Super-GAU

Gedenken an Tschernobyl – Mehr Geld für Arbeiter in der Todeszone

Der Super-GAU in Tschernobyl hat die Gefahren der Atomkraft in einem katastrophalen Maße sichtbar gemacht. 30 Jahre nach der Katastrophe gedenken Menschen in der EU der Opfer. Die ukrainische Regierung teilte am Jahrestag mit, die Gefahrenzulage für die Arbeiter in der Todeszone zu erhöhen.

Atommüll© Thomas Bethge / Fotolia.com

Tschernobyl/Kiew - Mit einer Schweigeminute, der Nationalhymne und Salut-Schüssen hat die ukrainische Führung der Folgen des Super-GAUs in Tschernobyl vom 26. April 1986 gedacht. Präsident Petro Poroschenko legte am Dienstag am Denkmal für die "Helden von Tschernobyl" in Kiew Blumen nieder. "Das Kraftwerk von Tschernobyl wurde Ende des vergangenen Jahrhunderts geschlossen, doch die Folgen der Katastrophe werden noch lange auf den Schultern des ukrainischen Volkes lasten", sagte er bei einer anschließenden Trauerstunde an der Ruine des Meilers.

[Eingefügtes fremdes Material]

(* For an American option $\xi$ and $j\in\{1,\ldots,d\}$, \[ \pi^{\mathrm{bg}}_j(\xi)=\max_{\chi\in\mathcal{X}}\ \min_{(\mathbb{Q},S)\in\bar{\mathcal{P}}_j}\mathbb{E}_{\mathbb{Q}}\big((\xi\cdot S)_\chi\big), \] and there exist $\hat\chi\in\mathcal{X}$ and $(\hat{\mathbb{Q}},\hat S)\in\bar{\mathcal{P}}_j$ such that \[ \pi^{\mathrm{bg}}_j(\xi)=\mathbb{E}_{\hat{\mathbb{Q}}}\big((\xi\cdot\hat S)_{\hat\chi}\big)=\min_{(\mathbb{Q},S)\in\bar{\mathcal{P}}_j}\mathbb{E}_{\mathbb{Q}}\big((\xi\cdot S)_{\hat\chi}\big). \]
   Context: Finite filtered probability space $(\Omega,\mathcal{F},\mathbb{P};(\mathcal{F}_t)_{t=0}^T)$, $\mathcal{F}_0$ trivial, $\mathcal{F}_T=2^\Omega$, $\mathbb{P}(\{\omega\})>0$. $\Omega_t$: atoms of $\mathcal{F}_t$. $\mathcal{L}_t$: $\mathcal{F}_t$-measurable $\mathbb{R}^d$-valued random variables. $d$ assets, $\mathcal{F}_t$-measurable exchange rates $\pi^{jk}_t>0$, $\pi^{jj}_t=1$. $\mathcal{K}^\mu_t$ ($\mu\in\Omega_t$): convex cone generated by $e^1,\ldots,e^d$ and $\pi^{jk}_t(\mu)e^j-e^k$; $\mathcal{K}_t=\{x\in\mathcal{L}_t:x(\mu)\in\mathcal{K}^\mu_t\ \forall\mu\}$. For a cone $A$, $A^\ast=\{y:y\cdot x\ge0\ \forall x\in A\}$; "$S_t\in\mathcal{K}^\ast_t\setminus\{0\}$" means $S_t(\mu)\in(\mathcal{K}^\mu_t)^\ast\setminus\{0\}$ for all $\mu\in\Omega_t$. Trading strategies $\Phi$: $y_0\in\mathbb{R}^d$, $y_t\in\mathcal{L}_{t-1}$, $y_{T+1}=0$. Mixed stopping times $\mathcal{X}$: adapted $[0,1]$-valued $\chi$ with $\sum_t\chi_t=1$. $(\xi\cdot S)_\chi=\sum_{t=0}^T\chi_t\,\xi_t\cdot S_t$. American option: adapted $\mathbb{R}^d$-valued $\xi$. $\Phi^{\mathrm{bg}}(\xi)$: pairs $(y,\chi)\in\Phi\times\mathcal{X}$ with $y_t+\chi_t\xi_t-y_{t+1}\in\mathcal{K}_t$ for $t=0,\ldots,T$. $\pi^{\mathrm{bg}}_j(\xi)=\sup\{-x\in\mathbb{R}:\exists(y,\chi)\in\Phi^{\mathrm{bg}}(\xi),\ xe^j=y_0\}$. $\bar{\mathcal{P}}_j$: the set of pairs $(\mathbb{Q},S)$ where $\mathbb{Q}$ is a probability measure on $\Omega$ absolutely continuous with respect to $\mathbb{P}$ and $S=(S_t)_{t=0}^T$ is an $\mathbb{R}^d$-valued $\mathbb{Q}$-martingale with $S_t\in\mathcal{K}^\ast_t\setminus\{0\}$ and $S^j_t=1$ for all $t$. Standing assumption: no arbitrage (no $y\in\Phi$ with $y_0=0$, $y_t-y_{t+1}\in\mathcal{K}_t$ for $t<T$ and $y_T-x\in\mathcal{K}_T$ for a nonzero componentwise non-negative $x\in\mathcal{L}_T$). *)

theory Defs
  imports "HOL-Analysis.Analysis" "HOL-Library.Disjoint_Sets"
begin

(* Finite sample space: the finite type 'w (Omega = UNIV).
   Filtration: F t is the set of atoms Omega_t of F_t (a partition of Omega).
   Assets are indexed by the finite type 'd; vectors are real^'d. *)

definition filtration :: "nat \<Rightarrow> (nat \<Rightarrow> 'w set set) \<Rightarrow> bool" where
  "filtration T F \<longleftrightarrow>
     (\<forall>t\<le>T. partition_on UNIV (F t)) \<and>
     (\<forall>t<T. \<forall>B\<in>F (Suc t). \<exists>A\<in>F t. B \<subseteq> A) \<and>
     F 0 = {UNIV} \<and> F T = {{w} | w. True}"

definition meas :: "(nat \<Rightarrow> 'w set set) \<Rightarrow> nat \<Rightarrow> ('w \<Rightarrow> 'b) \<Rightarrow> bool" where
  "meas F t X \<longleftrightarrow> (\<forall>A\<in>F t. \<forall>w\<in>A. \<forall>w'\<in>A. X w = X w')"

definition exchange_rates :: "nat \<Rightarrow> (nat \<Rightarrow> 'w set set) \<Rightarrow> (nat \<Rightarrow> 'w \<Rightarrow> 'd \<Rightarrow> 'd \<Rightarrow> real) \<Rightarrow> bool" where
  "exchange_rates T F rate \<longleftrightarrow>
     (\<forall>t\<le>T. meas F t (rate t) \<and> (\<forall>w j k. rate t w j k > 0) \<and> (\<forall>w j. rate t w j j = 1))"

definition coneK :: "(nat \<Rightarrow> 'w \<Rightarrow> 'd::finite \<Rightarrow> 'd \<Rightarrow> real) \<Rightarrow> nat \<Rightarrow> 'w \<Rightarrow> (real^'d) set" where
  "coneK rate t w = convex_cone hull
     ({axis i 1 | i. True} \<union> {rate t w j k *\<^sub>R axis j 1 - axis k 1 | j k. True})"

definition inK :: "(nat \<Rightarrow> 'w set set) \<Rightarrow> (nat \<Rightarrow> 'w \<Rightarrow> 'd::finite \<Rightarrow> 'd \<Rightarrow> real) \<Rightarrow> nat
                   \<Rightarrow> ('w \<Rightarrow> real^'d) \<Rightarrow> bool" where
  "inK F rate t x \<longleftrightarrow> meas F t x \<and> (\<forall>w. x w \<in> coneK rate t w)"

definition dual_cone :: "(real^'d) set \<Rightarrow> (real^'d) set" where
  "dual_cone A = {y. \<forall>x\<in>A. 0 \<le> y \<bullet> x}"

definition trading_strategy :: "nat \<Rightarrow> (nat \<Rightarrow> 'w set set) \<Rightarrow> (nat \<Rightarrow> 'w \<Rightarrow> real^'d) \<Rightarrow> bool" where
  "trading_strategy T F y \<longleftrightarrow>
     (\<forall>w w'. y 0 w = y 0 w') \<and> (\<forall>t. 1 \<le> t \<and> t \<le> T \<longrightarrow> meas F (t - 1) (y t)) \<and>
     (\<forall>w. y (Suc T) w = 0)"

definition mixed_stopping :: "nat \<Rightarrow> (nat \<Rightarrow> 'w set set) \<Rightarrow> (nat \<Rightarrow> 'w \<Rightarrow> real) \<Rightarrow> bool" where
  "mixed_stopping T F chi \<longleftrightarrow>
     (\<forall>t\<le>T. meas F t (chi t) \<and> (\<forall>w. 0 \<le> chi t w \<and> chi t w \<le> 1)) \<and>
     (\<forall>w. (\<Sum>t\<le>T. chi t w) = 1)"

definition american_option :: "nat \<Rightarrow> (nat \<Rightarrow> 'w set set) \<Rightarrow> (nat \<Rightarrow> 'w \<Rightarrow> real^'d) \<Rightarrow> bool" where
  "american_option T F xi \<longleftrightarrow> (\<forall>t\<le>T. meas F t (xi t))"

definition stopped_payoff :: "nat \<Rightarrow> (nat \<Rightarrow> 'w \<Rightarrow> real^'d) \<Rightarrow> (nat \<Rightarrow> 'w \<Rightarrow> real^'d)
                              \<Rightarrow> (nat \<Rightarrow> 'w \<Rightarrow> real) \<Rightarrow> 'w \<Rightarrow> real" where
  "stopped_payoff T xi S chi w = (\<Sum>t\<le>T. chi t w * (xi t w \<bullet> S t w))"

definition expect :: "('w::finite \<Rightarrow> real) \<Rightarrow> ('w \<Rightarrow> real) \<Rightarrow> real" where
  "expect Q X = (\<Sum>w\<in>UNIV. Q w * X w)"

definition Phi_bg :: "nat \<Rightarrow> (nat \<Rightarrow> 'w set set) \<Rightarrow> (nat \<Rightarrow> 'w \<Rightarrow> 'd::finite \<Rightarrow> 'd \<Rightarrow> real)
                      \<Rightarrow> (nat \<Rightarrow> 'w \<Rightarrow> real^'d) \<Rightarrow> (nat \<Rightarrow> 'w \<Rightarrow> real^'d) \<Rightarrow> (nat \<Rightarrow> 'w \<Rightarrow> real) \<Rightarrow> bool" where
  "Phi_bg T F rate xi y chi \<longleftrightarrow> trading_strategy T F y \<and> mixed_stopping T F chi \<and>
     (\<forall>t\<le>T. inK F rate t (\<lambda>w. y t w + chi t w *\<^sub>R xi t w - y (Suc t) w))"

definition pi_bg_set :: "nat \<Rightarrow> (nat \<Rightarrow> 'w set set) \<Rightarrow> (nat \<Rightarrow> 'w \<Rightarrow> 'd::finite \<Rightarrow> 'd \<Rightarrow> real)
                     \<Rightarrow> (nat \<Rightarrow> 'w \<Rightarrow> real^'d) \<Rightarrow> 'd \<Rightarrow> real set" where
  "pi_bg_set T F rate xi j = {- x | x. \<exists>y chi. Phi_bg T F rate xi y chi \<and> (\<forall>w. y 0 w = x *\<^sub>R axis j 1)}"

definition pi_bg :: "nat \<Rightarrow> (nat \<Rightarrow> 'w set set) \<Rightarrow> (nat \<Rightarrow> 'w \<Rightarrow> 'd::finite \<Rightarrow> 'd \<Rightarrow> real)
                     \<Rightarrow> (nat \<Rightarrow> 'w \<Rightarrow> real^'d) \<Rightarrow> 'd \<Rightarrow> real" where
  "pi_bg T F rate xi j = Sup (pi_bg_set T F rate xi j)"

definition prob_ac :: "('w::finite \<Rightarrow> real) \<Rightarrow> ('w \<Rightarrow> real) \<Rightarrow> bool" where
  "prob_ac P Q \<longleftrightarrow> (\<forall>w. 0 \<le> Q w) \<and> (\<Sum>w\<in>UNIV. Q w) = 1 \<and> (\<forall>w. P w = 0 \<longrightarrow> Q w = 0)"

definition martingale :: "nat \<Rightarrow> (nat \<Rightarrow> 'w set set) \<Rightarrow> ('w::finite \<Rightarrow> real) \<Rightarrow> (nat \<Rightarrow> 'w \<Rightarrow> real^'d) \<Rightarrow> bool" where
  "martingale T F Q S \<longleftrightarrow> (\<forall>t\<le>T. meas F t (S t)) \<and>
     (\<forall>t<T. \<forall>A\<in>F t. (\<Sum>w\<in>A. Q w *\<^sub>R S (Suc t) w) = (\<Sum>w\<in>A. Q w *\<^sub>R S t w))"

definition Pbar :: "nat \<Rightarrow> (nat \<Rightarrow> 'w set set) \<Rightarrow> (nat \<Rightarrow> 'w \<Rightarrow> 'd::finite \<Rightarrow> 'd \<Rightarrow> real) \<Rightarrow> ('w::finite \<Rightarrow> real)
                    \<Rightarrow> 'd \<Rightarrow> ('w \<Rightarrow> real) \<Rightarrow> (nat \<Rightarrow> 'w \<Rightarrow> real^'d) \<Rightarrow> bool" where
  "Pbar T F rate P j Q S \<longleftrightarrow> prob_ac P Q \<and> martingale T F Q S \<and>
     (\<forall>t\<le>T. \<forall>w. S t w \<in> dual_cone (coneK rate t w) - {0} \<and> S t w $ j = 1)"

definition no_arbitrage :: "nat \<Rightarrow> (nat \<Rightarrow> 'w set set) \<Rightarrow> (nat \<Rightarrow> 'w \<Rightarrow> 'd::finite \<Rightarrow> 'd \<Rightarrow> real) \<Rightarrow> bool" where
  "no_arbitrage T F rate \<longleftrightarrow> \<not> (\<exists>y x. trading_strategy T F y \<and> (\<forall>w. y 0 w = 0) \<and>
     (\<forall>t<T. inK F rate t (\<lambda>w. y t w - y (Suc t) w)) \<and>
     meas F T x \<and> (\<forall>w i. 0 \<le> x w $ i) \<and> x \<noteq> (\<lambda>w. 0) \<and>
     inK F rate T (\<lambda>w. y T w - x w))"

end

theory Submission
  imports Defs
begin

text \<open>
  The buyer can pay \<open>p\<close> for the option and hedge with the mixed stopping time \<open>\<chi>\<close> exactly
  when \<open>-p e\<^sup>j + \<Sum>\<^sub>t \<chi>\<^sub>t \<xi>\<^sub>t\<close> lies in the cone \<open>\<Sum>\<^sub>t \<K>\<^sub>t\<close> of the finite-dimensional space
  \<open>(\<real>\<^sup>d)\<^sup>\<Omega>\<close>. This cone is finitely generated, hence closed, and its dual cone normalised
  at \<open>e\<^sup>j\<close> consists exactly of the vectors \<open>\<Q> S\<^sub>T\<close> with \<open>(\<Q>, S) \<in> \<P>\<^sub>j\<close>: one inclusion is
  the tower property; for the other, \<open>S\<close> is built from sums over atoms, using a strictly
  positive dual element (which exists by no-arbitrage) on \<open>\<Q>\<close>-null atoms.
  By separation, for each \<open>\<chi>\<close> the minimum of \<open>\<E>\<^sub>\<Q>((\<xi>\<cdot>S)\<^sub>\<chi>)\<close> over this compact set is
  itself a buyer's price and dominates every price hedged with \<open>\<chi>\<close>. The supremum over
  \<open>\<chi>\<close> is then attained because mixed stopping times form a compact set.
\<close>

lemma convex_cone_sum:
  assumes S: "convex_cone S" and "finite I" and "\<And>i. i \<in> I \<Longrightarrow> f i \<in> S"
  shows "sum f I \<in> S"
  using assms(2,3)
  by (induction I rule: finite_induct)
     (auto simp: convex_cone_contains_0[OF S] convex_cone_add[OF S])

lemma separating_hyperplane_closed_cone_point:
  fixes S :: "'a::euclidean_space set"
  assumes "closed S" "convex_cone S" "p \<notin> S"
  shows "\<exists>L. (\<forall>a\<in>S. 0 \<le> L \<bullet> a) \<and> L \<bullet> p < 0"
proof -
  have "convex S" using assms(2) unfolding convex_cone_def by blast
  then obtain a b where ab: "a \<bullet> p < b" "\<forall>x\<in>S. b < a \<bullet> x"
    using separating_hyperplane_closed_point assms(1,3) by blast
  have b: "b < 0" using ab(2) convex_cone_contains_0[OF assms(2)] by force
  have "0 \<le> a \<bullet> x" if x: "x \<in> S" for x
  proof (rule ccontr)
    assume neg: "\<not> 0 \<le> a \<bullet> x"
    define c where "c = b / (a \<bullet> x)"
    have "0 \<le> c" using b neg unfolding c_def by (simp add: divide_nonpos_neg)
    then have "b < a \<bullet> (c *\<^sub>R x)" using ab(2) convex_cone_scaleR[OF assms(2) _ x] by blast
    moreover have "a \<bullet> (c *\<^sub>R x) = b" using neg unfolding c_def by simp
    ultimately show False by simp
  qed
  then show ?thesis using ab b by force
qed

lemma finite_family_convergent_subseq:
  fixes f :: "nat \<Rightarrow> 'i \<Rightarrow> real"
  assumes "finite I" "\<And>n i. i \<in> I \<Longrightarrow> f n i \<in> {0..1}"
  shows "\<exists>r l. strict_mono r \<and> (\<forall>i\<in>I. (\<lambda>n. f (r n) i) \<longlonglongrightarrow> l i)"
  using assms
proof (induction I rule: finite_induct)
  case empty
  have "strict_mono (id :: nat \<Rightarrow> nat)" by (simp add: strict_mono_def)
  then show ?case by blast
next
  case (insert i I)
  obtain r l where r: "strict_mono r" and l: "\<forall>i'\<in>I. (\<lambda>n. f (r n) i') \<longlonglongrightarrow> l i'"
    using insert.IH insert.prems by blast
  have "seq_compact {0..1::real}" by (rule compact_imp_seq_compact) simp
  then obtain l0 r2 where r2: "strict_mono r2" and l0: "((\<lambda>n. f (r n) i) \<circ> r2) \<longlonglongrightarrow> l0"
    using insert.prems unfolding seq_compact_def by (metis insertI1)
  have "\<forall>i'\<in>insert i I. (\<lambda>n. f ((r \<circ> r2) n) i') \<longlonglongrightarrow> (l(i := l0)) i'"
  proof
    fix i' assume i': "i' \<in> insert i I"
    show "(\<lambda>n. f ((r \<circ> r2) n) i') \<longlonglongrightarrow> (l(i := l0)) i'"
    proof (cases "i' = i")
      case True then show ?thesis using l0 by (simp add: comp_def)
    next
      case False
      then have "((\<lambda>n. f (r n) i') \<circ> r2) \<longlonglongrightarrow> l i'"
        using i' l r2 LIMSEQ_subseq_LIMSEQ by blast
      then show ?thesis using False by (simp add: comp_def)
    qed
  qed
  then show ?case using strict_mono_o[OF r r2] by blast
qed

lemma meas_comp2:
  assumes "meas F t x" "meas F t y"
  shows "meas F t (\<lambda>w. f (x w) (y w))"
  using assms unfolding meas_def by metis

lemma meas_comp: "meas F t x \<Longrightarrow> meas F t (\<lambda>w. f (x w))"
  unfolding meas_def by metis

lemma meas_const: "meas F t (\<lambda>w. c)"
  unfolding meas_def by simp

lemma mixed_stopping_at_0: "mixed_stopping T F (\<lambda>t w. if t = 0 then 1 else 0)"
  unfolding mixed_stopping_def meas_def by simp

Würdigung der Helfer in Moskau

Der russische Präsident Wladimir Putin würdigte in Moskau den Mut und die Selbstaufopferung der damaligen Helfer. "Tschernobyl ist eine ernste Lehre für die ganze Menschheit geworden, und die Folgen hallen wie ein raues Echo bis heute nach - auf die Umwelt und die Gesundheit der Menschen", schrieb Putin in einem Telegramm an die sogenannten Liquidatoren. Hunderttausende Helfer aus der Sowjetunion hatten 1986 geholfen, die Strahlung einzudämmen. "Viele von ihnen haben ihr eigenes Leben geopfert, um andere zu retten", sagte Putin.

100.00 Menschen verloren ihre Heimat

Der Reaktor Nummer vier des Kernkraftwerks in Tschernobyl im Norden der Ukraine war damals um 1.23 Uhr explodiert. Eine Sperrzone rund um den Unglücksreaktor wurde für unbewohnbar erklärt, weite Landstriche der Ukraine, Russlands und Weißrusslands wurden radioaktiv verseucht.

Mehr als 100.000 Menschen mussten umgesiedelt werden. Expertenschätzungen zufolge starben Zehntausende Menschen an den Spätfolgen des Super-GAUs.

Gefahrenzuschläge für Arbeiter werden erhöht

30 Jahre nach der Katastrophe hat die ukrainische Regierung die Gefahrenzuschläge der Arbeiter erhöht, die derzeit in der Todeszone beschäftigt sind. Die Regelung gelte rückwirkend vom 1. Januar 2016 an für rund 10. 000 Menschen, teilte die Führung in Kiew am Montag mit. Die monatliche Zulage wird damit auf 150 Prozent des Mindestlohns (derzeit umgerechnet rund 50 Euro) erhöht, was nun einer Monatszulage von etwa 73 Euro entspricht.

Erste Kirche auf ehemals verseuchtem Boden

In Erinnerung an die Helfer weihte die orthodoxe Kirche in Russland ein Gotteshaus bei Belgorod ein. Das Gebäude in der damals von der radioaktiven Strahlung betroffenen Region sei die erste Kirche im Land, die den Einsatzkräften gewidmet sei, sagte Behördensprecherin Irina Sorokina. Zehntausende Helfer in Tschernobyl kamen damals aus Russland. Viele arbeiteten ohne Schutz und starben in kurzer Zeit.

Licht-Inszenierung von Greenpeace

Die Umweltschutzorganisation Greenpeace hatte in Tschernobyl in der Nacht zum Dienstag die Opfer mit einer bewegenden Licht-Inszenierung geehrt. Greenpeace projizierte unter anderem Bilder von Opfern auf den Beton-Sarkophag über dem Reaktor. In der Anlage befinden sich noch immer 200 Tonnen Uran. Der Schutzmantel soll einen Strahlenaustritt aus dem havarierten Meiler verhindern. Derzeit baut ein internationales Konsortium an einem neuen Sarkophag.

Deutschland will sich von der Atomkraft verabschieden

Die Bundesregierung hatte nach der Kernschmelze im japanischen Kraftwerk Fukushima 2011 den Atomausstieg beschlossen. Russland und die Ukraine setzen weiter auf Kernkraft. Der russische Staatskonzern Rosatom ist beim Bau von Kraftwerken international gefragt.